Mundell Fleming Model (1) : Kurva IS dan LM untuk Perekonomian Terbuka
Summary
TLDRThe video script delves into the Mando Fleming model, focusing on the revised IS-LM curves within an open economy context. It explains the concept of a small open economy, where the domestic interest rate aligns with the international rate due to perfect capital mobility. The script explores the relationship between the nominal and real exchange rates, the impact of exchange rate movements on net exports, and how these factors influence the IS curve. It also discusses the LM curve's vertical representation in an open economy, leading to the determination of equilibrium exchange rates and income levels.
Takeaways
- 🌐 The video discusses the Mando Fleming model in the context of an open economy, focusing on revised IS and LM curves.
- 💼 An open economy is characterized by international trade in goods and services, and capital transfers between countries.
- 💡 The net capital outflow is equivalent to the trade balance, which is the difference between national savings and investment.
- 🔍 In an open economy, the IS-LM model needs to be revised to include international trade and capital flows.
- 🌐 The concept of a small open economy is introduced, where the country does not influence the international interest rate, and domestic rates are determined by international rates adjusted for risk premium.

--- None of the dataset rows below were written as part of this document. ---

(* Let $y$ be a string over an alphabet $\Sigma$ whose last character occurs nowhere else in $y$. For any backward edge $((x,x^R),\alpha^R,(\alpha x, x^R\alpha^R))$ of the affix tree $\mathrm{ATree}(y)$ (with $\alpha\in\Sigma^+$), we have: $x\in\mathcal{L}$ and $\alpha x\notin\mathcal{L}$ if and only if $(x,a,ax)$ is an implicit modified Weiner link of $\mathrm{ST}(y)$, where $a=\alpha[|\alpha|]$ is the last character of $\alpha$.
   Context: $\mathrm{Substr}(y)$ is the set of substrings of $y$; $x^R$ is the reversal of $x$. $\mathrm{BegPos}(x)=\{i\mid y[i..i+|x|-1]=x\}$, $\mathrm{EndPos}(x)=\{i\mid y[i-|x|+1..i]=x\}$. For $x\in\mathrm{Substr}(y)$, $\overrightarrow{x}$ is the longest string $z$ with $\mathrm{BegPos}(z)=\mathrm{BegPos}(x)$ and $\overleftarrow{x}$ is the longest string $z$ with $\mathrm{EndPos}(z)=\mathrm{EndPos}(x)$. $\mathcal{L}=\{\overrightarrow{x}\mid x\in\mathrm{Substr}(y)\}$, $\mathcal{R}=\{\overleftarrow{x}\mid x\in\mathrm{Substr}(y)\}$. The suffix tree $\mathrm{ST}(y)$ has node set $\mathcal{L}$. The set of modified Weiner links of $\mathrm{ST}(y)$ is $\{(x,a,ax)\mid a\in\Sigma, x\in\mathcal{L}, ax\in\mathrm{Substr}(y)\}$; such a link is explicit if $ax\in\mathcal{L}$ and implicit otherwise. $\mathrm{ATree}(y)$ has node set $V_A=\{(x,x^R)\mid x\in\mathcal{L}\cup\mathcal{R}\}$ and backward edge set $\{((x,x^R),\alpha^R,(\alpha x, x^R\alpha^R))\mid x^R, x^R\alpha^R\in\{z^R : z\in\mathcal{L}\cup\mathcal{R}\}, \alpha\in\Sigma^+, x^R\alpha^R[1..i]\notin\{z^R : z\in\mathcal{L}\cup\mathcal{R}\}\ \text{for all }1\le i<|\alpha|\}$. *)

theory Defs
  imports Main
begin

text \<open>Strings are lists over an arbitrary alphabet type 'a. Positions are 0-indexed.\<close>

definition Substr :: "'a list \<Rightarrow> 'a list set" where
  "Substr y = {x. \<exists>u v. y = u @ x @ v}"

definition BegPos :: "'a list \<Rightarrow> 'a list \<Rightarrow> nat set" where
  "BegPos y x = {i. i + length x \<le> length y \<and> take (length x) (drop i y) = x}"

text \<open>End position i (0-indexed, inclusive end): x = y[i-|x|+1..i]; we record i+1.\<close>
definition EndPos :: "'a list \<Rightarrow> 'a list \<Rightarrow> nat set" where
  "EndPos y x = {j. length x \<le> j \<and> j \<le> length y \<and> take (length x) (drop (j - length x) y) = x}"

definition rext :: "'a list \<Rightarrow> 'a list \<Rightarrow> 'a list" where
  "rext y x = (THE z. BegPos y z = BegPos y x \<and>
      (\<forall>z'. BegPos y z' = BegPos y x \<longrightarrow> length z' \<le> length z))"

definition lext :: "'a list \<Rightarrow> 'a list \<Rightarrow> 'a list" where
  "lext y x = (THE z. EndPos y z = EndPos y x \<and>
      (\<forall>z'. EndPos y z' = EndPos y x \<longrightarrow> length z' \<le> length z))"

definition Lset :: "'a list \<Rightarrow> 'a list set" where
  "Lset y = {rext y x | x. x \<in> Substr y}"

definition Rset :: "'a list \<Rightarrow> 'a list set" where
  "Rset y = {lext y x | x. x \<in> Substr y}"

definition mod_weiner_links :: "'a list \<Rightarrow> ('a list \<times> 'a \<times> 'a list) set" where
  "mod_weiner_links y = {(x, a, a # x) | x a. x \<in> Lset y \<and> a # x \<in> Substr y}"

definition implicit_mwl :: "'a list \<Rightarrow> 'a list \<Rightarrow> 'a \<Rightarrow> bool" where
  "implicit_mwl y x a \<longleftrightarrow> (x, a, a # x) \<in> mod_weiner_links y \<and> a # x \<notin> Lset y"

definition RevNodes :: "'a list \<Rightarrow> 'a list set" where
  "RevNodes y = {rev z | z. z \<in> Lset y \<union> Rset y}"

definition ATree_nodes :: "'a list \<Rightarrow> ('a list \<times> 'a list) set" where
  "ATree_nodes y = {(x, rev x) | x. x \<in> Lset y \<union> Rset y}"

definition ATree_backward_edges ::
  "'a list \<Rightarrow> (('a list \<times> 'a list) \<times> 'a list \<times> ('a list \<times> 'a list)) set" where
  "ATree_backward_edges y =
     {((x, rev x), rev \<alpha>, (\<alpha> @ x, rev x @ rev \<alpha>)) | x \<alpha>.
        rev x \<in> RevNodes y \<and> rev x @ rev \<alpha> \<in> RevNodes y \<and> \<alpha> \<noteq> [] \<and>
        (\<forall>i. 1 \<le> i \<and> i < length \<alpha> \<longrightarrow> rev x @ take i (rev \<alpha>) \<notin> RevNodes y)}"

end

theory Submission
  imports Defs
begin

text \<open>Only two properties of the affix tree are used. First, \<open>\<L>\<close> is closed under
  suffixes: if a string \<open>z\<close> longer than \<open>v\<close> had the same begin positions as \<open>v\<close>, then
  \<open>u z\<close> would have the same begin positions as \<open>u v\<close>, so \<open>u v\<close> would not be the longest
  string with its begin positions. Second, by minimality of a backward edge, for \<open>|\<alpha>| \<ge> 2\<close>
  the string \<open>a x\<close>, a proper suffix of \<open>\<alpha> x\<close>, is not a node at all. Hence
  \<open>a x \<notin> \<L>\<close> iff \<open>\<alpha> x \<notin> \<L>\<close>.\<close>

lemma Substr_appendD:
  assumes "u @ v \<in> Substr y"
  shows "u \<in> Substr y" and "v \<in> Substr y"
proof -
  obtain p q where "y = p @ (u @ v) @ q"
    using assms unfolding Substr_def by blast
  then have u: "y = p @ u @ (v @ q)" and v: "y = (p @ u) @ v @ q"
    by simp_all
  show "u \<in> Substr y"
    unfolding Substr_def mem_Collect_eq by (intro exI) (rule u)
  show "v \<in> Substr y"
    unfolding Substr_def mem_Collect_eq by (intro exI) (rule v)
qed

lemma BegPos_nonempty: "x \<in> Substr y \<Longrightarrow> BegPos y x \<noteq> {}"
proof -
  assume "x \<in> Substr y"
  then obtain u v where "y = u @ x @ v" unfolding Substr_def by blast
  then have "length u \<in> BegPos y x" unfolding BegPos_def by simp
  then show ?thesis by blast
qed

lemma Substr_if_BegPos:
  assumes "i \<in> BegPos y z"
  shows "z \<in> Substr y"
proof -
  have "take (length z) (drop i y) = z"
    using assms unfolding BegPos_def by simp
  then have "y = take i y @ z @ drop (length z) (drop i y)"
    by (metis append_take_drop_id)
  then show ?thesis
    unfolding Substr_def mem_Collect_eq by (intro exI)
qed

lemma BegPos_length: "i \<in> BegPos y z \<Longrightarrow> length z \<le> length y"
  unfolding BegPos_def by simp

lemma BegPos_eq_if_same_length:
  assumes "i \<in> BegPos y z1" and "i \<in> BegPos y z2" and "length z1 = length z2"
  shows "z1 = z2"
proof -
  have "take (length z1) (drop i y) = z1" "take (length z2) (drop i y) = z2"
    using assms(1,2) unfolding BegPos_def by simp_all
  then show ?thesis using assms(3) by argo
qed

lemma BegPos_append:
  "j \<in> BegPos y (u @ v) \<longleftrightarrow> j \<in> BegPos y u \<and> j + length u \<in> BegPos y v"
  unfolding BegPos_def by (auto simp: take_add add.commute)

lemma EndPos_nonempty: "x \<in> Substr y \<Longrightarrow> EndPos y x \<noteq> {}"
proof -
  assume "x \<in> Substr y"
  then obtain u v where "y = u @ x @ v" unfolding Substr_def by blast
  then have "length u + length x \<in> EndPos y x" unfolding EndPos_def by simp
  then show ?thesis by blast
qed

lemma Substr_if_EndPos:
  assumes "j \<in> EndPos y z"
  shows "z \<in> Substr y"
proof -
  have "take (length z) (drop (j - length z) y) = z"
    using assms unfolding EndPos_def by simp
  then have "y = take (j - length z) y @ z @ drop (length z) (drop (j - length z) y)"
    by (metis append_take_drop_id)
  then show ?thesis
    unfolding Substr_def mem_Collect_eq by (intro exI)
qed

lemma EndPos_length: "j \<in> EndPos y z \<Longrightarrow> length z \<le> length y"
  unfolding EndPos_def by simp

lemma EndPos_eq_if_same_length:
  assumes "j \<in> EndPos y z1" and "j \<in> EndPos y z2" and "length z1 = length z2"
  shows "z1 = z2"
proof -
  have "take (length z1) (drop (j - length z1) y) = z1"
    and "take (length z2) (drop (j - length z2) y) = z2"
    using assms(1,2) unfolding EndPos_def by simp_all
  then show ?thesis using assms(3) by argo
qed

lemma longest_such_that:
  assumes bounded: "\<And>z. P z \<Longrightarrow> length z \<le> N"
    and length_inj: "\<And>z1 z2. P z1 \<Longrightarrow> P z2 \<Longrightarrow> length z1 = length z2 \<Longrightarrow> z1 = z2"
    and "P w"
  defines "m \<equiv> THE z. P z \<and> (\<forall>z'. P z' \<longrightarrow> length z' \<le> length z)"
  shows "P m" and "\<And>z. P z \<Longrightarrow> length z \<le> length m"
proof -
  obtain l where l: "P l" "\<forall>z. P z \<longrightarrow> length z \<le> length l"
    using ex_has_greatest_nat[of P w length "Suc N"] \<open>P w\<close> bounded
    by (metis le_imp_less_Suc)
  have "\<exists>!z. P z \<and> (\<forall>z'. P z' \<longrightarrow> length z' \<le> length z)"
    using l length_inj by (metis le_antisym)
  then have "P m \<and> (\<forall>z'. P z' \<longrightarrow> length z' \<le> length m)"
    unfolding m_def by (rule theI')
  then show "P m" and "\<And>z. P z \<Longrightarrow> length z \<le> length m"
    by blast+
qed

lemma rext_BegPos_longest:
  assumes "x \<in> Substr y"
  shows "BegPos y (rext y x) = BegPos y x"
    and "\<And>z. BegPos y z = BegPos y x \<Longrightarrow> length z \<le> length (rext y x)"
proof -
  obtain i where i: "i \<in> BegPos y x" using BegPos_nonempty[OF assms] by blast
  have "length z \<le> length y" if "BegPos y z = BegPos y x" for z
    using BegPos_length i that by blast
  moreover have "z1 = z2"
    if "BegPos y z1 = BegPos y x" "BegPos y z2 = BegPos y x" "length z1 = length z2" for z1 z2
    using BegPos_eq_if_same_length[of i y z1 z2] i that by simp
  ultimately show "BegPos y (rext y x) = BegPos y x"
    and "\<And>z. BegPos y z = BegPos y x \<Longrightarrow> length z \<le> length (rext y x)"
    unfolding rext_def by (rule longest_such_that[where P = "\<lambda>z. BegPos y z = BegPos y x"]; simp)+
qed

lemma lext_EndPos:
  assumes "x \<in> Substr y"
  shows "EndPos y (lext y x) = EndPos y x"
proof -
  obtain j where j: "j \<in> EndPos y x" using EndPos_nonempty[OF assms] by blast
  have "length z \<le> length y" if "EndPos y z = EndPos y x" for z
    using EndPos_length j that by blast
  moreover have "z1 = z2"
    if "EndPos y z1 = EndPos y x" "EndPos y z2 = EndPos y x" "length z1 = length z2" for z1 z2
    using EndPos_eq_if_same_length[of j y z1 z2] j that by simp
  ultimately show ?thesis
    unfolding lext_def by (rule longest_such_that[where P = "\<lambda>z. EndPos y z = EndPos y x"]; simp)
qed

lemma Lset_iff:
  "w \<in> Lset y \<longleftrightarrow> w \<in> Substr y \<and> (\<forall>z. BegPos y z = BegPos y w \<longrightarrow> length z \<le> length w)"
proof
  assume "w \<in> Lset y"
  then obtain x where x: "x \<in> Substr y" and w: "w = rext y x"
    unfolding Lset_def by blast
  have same: "BegPos y w = BegPos y x"
    using rext_BegPos_longest(1)[OF x] w by simp
  then obtain i where "i \<in> BegPos y w"
    using BegPos_nonempty[OF x] by blast
  then have "w \<in> Substr y"
    by (rule Substr_if_BegPos)
  moreover have "length z \<le> length w" if "BegPos y z = BegPos y w" for z
    using rext_BegPos_longest(2)[OF x] that same w by simp
  ultimately show "w \<in> Substr y \<and> (\<forall>z. BegPos y z = BegPos y w \<longrightarrow> length z \<le> length w)"
    by blast
next
  assume w: "w \<in> Substr y \<and> (\<forall>z. BegPos y z = BegPos y w \<longrightarrow> length z \<le> length w)"
  then have same: "BegPos y (rext y w) = BegPos y w"
    and "length w \<le> length (rext y w)"
    using rext_BegPos_longest[of w y] by simp_all
  moreover have "length (rext y w) \<le> length w"
    using w same by blast
  moreover obtain i where "i \<in> BegPos y w"
    using BegPos_nonempty w by blast
  ultimately have "w = rext y w"
    using BegPos_eq_if_same_length[of i y "rext y w" w] by simp
  then show "w \<in> Lset y"
    unfolding Lset_def using w by blast
qed

lemma Rset_subset_Substr: "Rset y \<subseteq> Substr y"
proof
  fix z assume "z \<in> Rset y"
  then obtain x where x: "x \<in> Substr y" and z: "z = lext y x"
    unfolding Rset_def by blast
  obtain j where "j \<in> EndPos y x"
    using EndPos_nonempty[OF x] by blast
  then have "j \<in> EndPos y z"
    using lext_EndPos[OF x] z by simp
  then show "z \<in> Substr y"
    by (rule Substr_if_EndPos)
qed

lemma Lset_suffix_closed:
  assumes "u @ v \<in> Lset y"
  shows "v \<in> Lset y"
  unfolding Lset_iff
proof (intro conjI allI impI)
  have uv: "u @ v \<in> Substr y" "\<forall>z. BegPos y z = BegPos y (u @ v) \<longrightarrow> length z \<le> length (u @ v)"
    using assms Lset_iff by blast+
  then show "v \<in> Substr y" using Substr_appendD by blast
  fix z assume "BegPos y z = BegPos y v"
  then have "BegPos y (u @ z) = BegPos y (u @ v)"
    unfolding set_eq_iff BegPos_append by simp
  then have "length (u @ z) \<le> length (u @ v)"
    using uv(2) by blast
  then show "length z \<le> length v"
    by simp
qed

lemma rev_in_RevNodes_iff: "rev w \<in> RevNodes y \<longleftrightarrow> w \<in> Lset y \<union> Rset y"
  unfolding RevNodes_def by auto

lemma backward_edge_target_node:
  assumes "((x, rev x), rev \<alpha>, (\<alpha> @ x, rev x @ rev \<alpha>)) \<in> ATree_backward_edges y"
  shows "\<alpha> @ x \<in> Lset y \<union> Rset y"
  using assms rev_in_RevNodes_iff[of "\<alpha> @ x" y] unfolding ATree_backward_edges_def by auto

lemma backward_edge_proper_suffix_not_node:
  assumes "((x, rev x), rev \<alpha>, (\<alpha> @ x, rev x @ rev \<alpha>)) \<in> ATree_backward_edges y"
    and "\<alpha> = \<beta> @ \<gamma>" and "\<beta> \<noteq> []" and "\<gamma> \<noteq> []"
  shows "\<gamma> @ x \<notin> Lset y \<union> Rset y"
proof -
  have "\<forall>i. 1 \<le> i \<and> i < length \<alpha> \<longrightarrow> rev x @ take i (rev \<alpha>) \<notin> RevNodes y"
    using assms(1) unfolding ATree_backward_edges_def by auto
  moreover have "1 \<le> length \<gamma>" and "length \<gamma> < length \<alpha>"
    using assms(2-4) by (simp_all add: Suc_le_eq)
  ultimately have "rev x @ take (length \<gamma>) (rev \<alpha>) \<notin> RevNodes y"
    by blast
  moreover have "rev x @ take (length \<gamma>) (rev \<alpha>) = rev (\<gamma> @ x)"
    using assms(2) by simp
  ultimately show ?thesis
    using rev_in_RevNodes_iff by metis
qed

lemma implicit_mwl_iff:
  "implicit_mwl y x a \<longleftrightarrow> x \<in> Lset y \<and> a # x \<in> Substr y \<and> a # x \<notin> Lset y"
  unfolding implicit_mwl_def mod_weiner_links_def by blast

theorem theorem7:
  fixes y :: "'a list" and x \<alpha> :: "'a list"
  assumes "y \<noteq> []" and "last y \<notin> set (butlast y)"
    and "((x, rev x), rev \<alpha>, (\<alpha> @ x, rev x @ rev \<alpha>)) \<in> ATree_backward_edges y"
    and "\<alpha> \<noteq> []"
  shows "(x \<in> Lset y \<and> \<alpha> @ x \<notin> Lset y) \<longleftrightarrow> implicit_mwl y x (last \<alpha>)"
proof -
  define a where "a = last \<alpha>"
  obtain \<beta> where \<alpha>: "\<alpha> = \<beta> @ [a]"
    using \<open>\<alpha> \<noteq> []\<close> unfolding a_def by (metis append_butlast_last_id)
  have "\<alpha> @ x \<in> Substr y"
    using backward_edge_target_node[OF assms(3)] Lset_iff Rset_subset_Substr by blast
  then have "a # x \<in> Substr y"
    using \<alpha> Substr_appendD[of \<beta> "a # x"] by simp
  moreover have "a # x \<notin> Lset y" if "\<alpha> @ x \<notin> Lset y"
  proof (cases "\<beta> = []")
    case True
    then show ?thesis using that \<alpha> by simp
  next
    case False
    then show ?thesis
      using backward_edge_proper_suffix_not_node[OF assms(3) \<alpha> False] by simp
  qed
  moreover have "\<alpha> @ x \<notin> Lset y" if "a # x \<notin> Lset y"
    using that \<alpha> Lset_suffix_closed[of \<beta> "a # x" y] by auto
  ultimately show ?thesis
    unfolding implicit_mwl_iff a_def[symmetric] by blast
qed

end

- 💰 The distinction between nominal and real exchange rates is explained, with the real exchange rate being the relative price of goods between two countries.
- 📈 The relationship between the real exchange rate and net exports is negative, meaning a lower real exchange rate leads to higher net exports.
- 📊 The revised IS curve in the Mando Fleming model shows the balance in the goods and services market, with net exports being a function of the real exchange rate.
- 🏦 The LM curve in the Mando Fleming model is vertical, indicating that the interest rate is determined by the international rate, reflecting the assumption of perfect capital mobility.
- 🔗 The equilibrium in the Mando Fleming model is found at the intersection of the revised IS and LM curves, representing the balance between the goods and money markets in an open economy.
Q & A
What is the main topic of the video script?
-The main topic of the video script is the discussion of the Mando Fleming model, specifically focusing on the revised IS and LM curves in the context of an open economy.
What is an open economy according to the script?
-An open economy is one where a country engages in export and import activities of goods and services, as well as the transfer of money or capital to and from other countries.
What is the relationship between net capital outflow and the trade balance in an open economy?
-In an open economy, the net capital outflow is equal to the trade balance, which is the difference between national saving (S) and investment (I).
What is the significance of the small open economy assumption in the Mando Fleming model?
-The small open economy assumption implies that the country does not have the power to influence the international interest rate, meaning domestic interest rates are determined by international rates.
What are the two types of exchange rates discussed in the script?
-The two types of exchange rates discussed are the nominal exchange rate, which is the relative price of one currency for another, and the real exchange rate, which represents the relative price of goods between two countries.
How is the real exchange rate related to the nominal exchange rate?
-The real exchange rate (epsilon) is calculated as the nominal exchange rate multiplied by the domestic price level divided by the foreign price level.
What is the relationship between the real exchange rate and net exports?
-There is a negative relationship between the real exchange rate and net exports. A lower real exchange rate means domestic goods are relatively cheaper, leading to higher exports and thus a higher net export.
How does the revised IS curve in the Mando Fleming model differ from the traditional IS curve?
-In the Mando Fleming model, the revised IS curve (IS*) represents the equilibrium in the goods market with an open economy, where the relationship is between the nominal exchange rate and income or output, rather than the interest rate and income or output as in the traditional IS curve.
What does the LM curve represent in the context of the Mando Fleming model?
-In the Mando Fleming model, the LM curve represents the equilibrium in the money market of an open economy, with the assumption that the domestic interest rate is equal to the international interest rate.
What is the significance of the intersection of the revised IS and LM curves in the Mando Fleming model?
-The intersection of the revised IS and LM curves represents the equilibrium exchange rate and the equilibrium level of income in an open economy, taking into account both the balance in the goods market and the money market.